2. Handle Errors Gracefully
- Implement retry logic with exponential backoff for rate limits.
- Validate inputs before sending to avoid 400 errors.
- Monitor for
stop_reasonto detect truncation or tool requests.
3. Use Streaming for Real-Time Applications
For chat interfaces, use streaming to show Claude's response as it's generated:
with client.messages.stream(
model="claude-opus-4-7",
max_tokens=1024,
messages=[{"role": "user", "content": "Tell me a story"}]
) as stream:
for text in stream.text_stream:
print(text, end="", flush=True)
Conclusion
The Messages API is your gateway to building powerful conversational AI applications with Claude. By mastering basic requests, multi-turn conversations, prefill, and vision capabilities, you can create everything from simple chatbots to complex agentic systems.
Remember these key points:
- The API is stateless — always send the full conversation history
- Use prefill carefully and check model compatibility
- Handle stop reasons to build robust applications
- Leverage streaming for better user experiences
Key Takeaways
- Messages API is stateless: You must send the full conversation history with each request to maintain context.

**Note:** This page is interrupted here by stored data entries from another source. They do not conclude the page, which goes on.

lemma tendsto_ln_powr_div_tail_at_tail_threshold:
  assumes "0 < c" "c < 1"
  shows "((\<lambda>K. ln (real K) powr \<mu> / (real K * G (tail_threshold lam \<gamma> c K))) \<longlongrightarrow> 0) sequentially"
proof -
  have bounds: "eventually (\<lambda>K. tail_level c K / 2 \<le> G (tail_threshold lam \<gamma> c K)) sequentially"
    using tail_at_tail_threshold_bounds[OF assms(1)] by (auto elim: eventually_mono)
  have "((\<lambda>x. ln x powr \<mu> / (x * (\<alpha> * (c * ln x / lam) powr (\<beta> / \<gamma>) * x powr (- c) / 2))) \<longlongrightarrow> 0) at_top"
    using assms params by real_asymp
  then have lim: "((\<lambda>K. ln (real K) powr \<mu> / (real K * (tail_level c K / 2))) \<longlongrightarrow> 0) sequentially"
    unfolding tail_level_def by (rule filterlim_compose[OF _ filterlim_real_sequentially])
  have level_pos: "eventually (\<lambda>K. 0 < tail_level c K) sequentially"
    using eventually_ge_at_top[of 2] unfolding tail_level_def
    by eventually_elim (use assms params in simp)
  show ?thesis
  proof (rule tendsto_sandwich[OF _ _ tendsto_const lim])
    show "eventually (\<lambda>K. 0 \<le> ln (real K) powr \<mu> / (real K * G (tail_threshold lam \<gamma> c K))) sequentially"
      using bounds level_pos by eventually_elim simp
    show "eventually (\<lambda>K. ln (real K) powr \<mu> / (real K * G (tail_threshold lam \<gamma> c K))
                          \<le> ln (real K) powr \<mu> / (real K * (tail_level c K / 2))) sequentially"
      using bounds level_pos eventually_ge_at_top[of 1]
      by eventually_elim (intro divide_left_mono mult_left_mono mult_pos_pos; simp)
  qed
qed
definition nbr_sum :: "(int \<Rightarrow> int) \<Rightarrow> int \<Rightarrow> int" where
  "nbr_sum G t = G (t + 1) + G (t - 1)"

lemma odd_periodic_nbr_sum: "odd_periodic d G \<Longrightarrow> odd_periodic d (nbr_sum G)"
  unfolding odd_periodic_def nbr_sum_def
proof (intro conjI allI)
  fix t assume G: "(\<forall>t. G (- t) = - G t) \<and> (\<forall>t. G (t + d) = G t)"
  show "G (- t + 1) + G (- t - 1) = - (G (t + 1) + G (t - 1))"
    using G[THEN conjunct1, rule_format, of "t - 1"] G[THEN conjunct1, rule_format, of "t + 1"] by simp
  show "G (t + d + 1) + G (t + d - 1) = G (t + 1) + G (t - 1)"
    using G[THEN conjunct2, rule_format, of "t + 1"] G[THEN conjunct2, rule_format, of "t - 1"]
    by (simp add: algebra_simps)
qed

lemma odd_periodic_refl_delta: "odd_periodic d (refl_delta d c)"
  unfolding odd_periodic_def by (simp add: refl_delta_uminus) (simp add: refl_delta_def cong_def)

lemma odd_periodic_dvd_eq_0:
  assumes G: "odd_periodic d G" and "d dvd t"
  shows "G t = 0"
proof -
  have per: "G (t' + int j * d) = G t'" for t' j
  proof (induction j)
    case (Suc j)
    have "G (t' + int (Suc j) * d) = G ((t' + int j * d) + d)" by (simp add: algebra_simps)
    thus ?case using Suc G unfolding odd_periodic_def by simp
  qed simp
  have odd: "G (-t') = - G t'" for t' using G unfolding odd_periodic_def by blast
  have G0: "G 0 = 0" using odd[of 0] by simp
  obtain c where t: "t = d * c" using assms(2) by blast
  show ?thesis
  proof (cases "c \<ge> 0")
    case True
    thus ?thesis using per[of 0 "nat c"] G0 t by (simp add: mult.commute)
  next
    case False
    hence "G (-t) = 0" using per[of 0 "nat (-c)"] G0 t by (simp add: mult.commute)
    thus ?thesis using odd[of t] by simp
  qed
qed

lemma sum_atMost_Suc_shift_int:
  fixes A B :: "int \<Rightarrow> int"
  assumes "A (int (Suc N)) = 0" "B 0 = 0"
  shows "(\<Sum>t\<le>Suc N. A (int t) * B (int t + 1)) = (\<Sum>t\<le>Suc N. A (int t - 1) * B (int t))"
proof -
  have "(\<Sum>t\<le>Suc N. A (int t - 1) * B (int t)) = (\<Sum>t\<le>N. A (int t) * B (int t + 1))"
    by (subst sum.atMost_Suc_shift) (simp add: assms add.commute)
  thus ?thesis using assms by simp
qed

lemma sum_nbr_sum_adjoint:
  fixes G f :: "int \<Rightarrow> int"
  assumes "G (int (Suc N)) = 0" "G 0 = 0" "f (int (Suc N)) = 0" "f 0 = 0"
  shows "(\<Sum>t\<le>Suc N. G (int t) * nbr_sum f (int t)) = (\<Sum>t\<le>Suc N. nbr_sum G (int t) * f (int t))"
proof -
  have "(\<Sum>t\<le>Suc N. G (int t) * nbr_sum f (int t))
     = (\<Sum>t\<le>Suc N. G (int t) * f (int t + 1)) + (\<Sum>t\<le>Suc N. f (int t - 1) * G (int t))"
    by (simp add: nbr_sum_def sum.distrib algebra_simps)
  also have "(\<Sum>t\<le>Suc N. G (int t) * f (int t + 1)) = (\<Sum>t\<le>Suc N. G (int t - 1) * f (int t))"
    by (rule sum_atMost_Suc_shift_int) (use assms in auto)
  also have "(\<Sum>t\<le>Suc N. f (int t - 1) * G (int t)) = (\<Sum>t\<le>Suc N. f (int t) * G (int t + 1))"
    by (rule sum_atMost_Suc_shift_int[symmetric]) (use assms in auto)
  finally show ?thesis by (simp add: sum.distrib[symmetric] nbr_sum_def algebra_simps)
qed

- Prefill is powerful but limited: It works on most models but not on Claude Opus 4.7, Opus 4.6, Sonnet 4.6, or Mythos Preview. Use structured outputs as an alternative.
- Handle stop reasons: Always check
stop_reasonto detect truncation (max_tokens) or tool requests (tool_use). - Vision is built-in: You can send images as base64 or URL for analysis, enabling document processing and visual QA.
- Stream for real-time apps: Use the streaming API for chat interfaces to show responses as they're generated.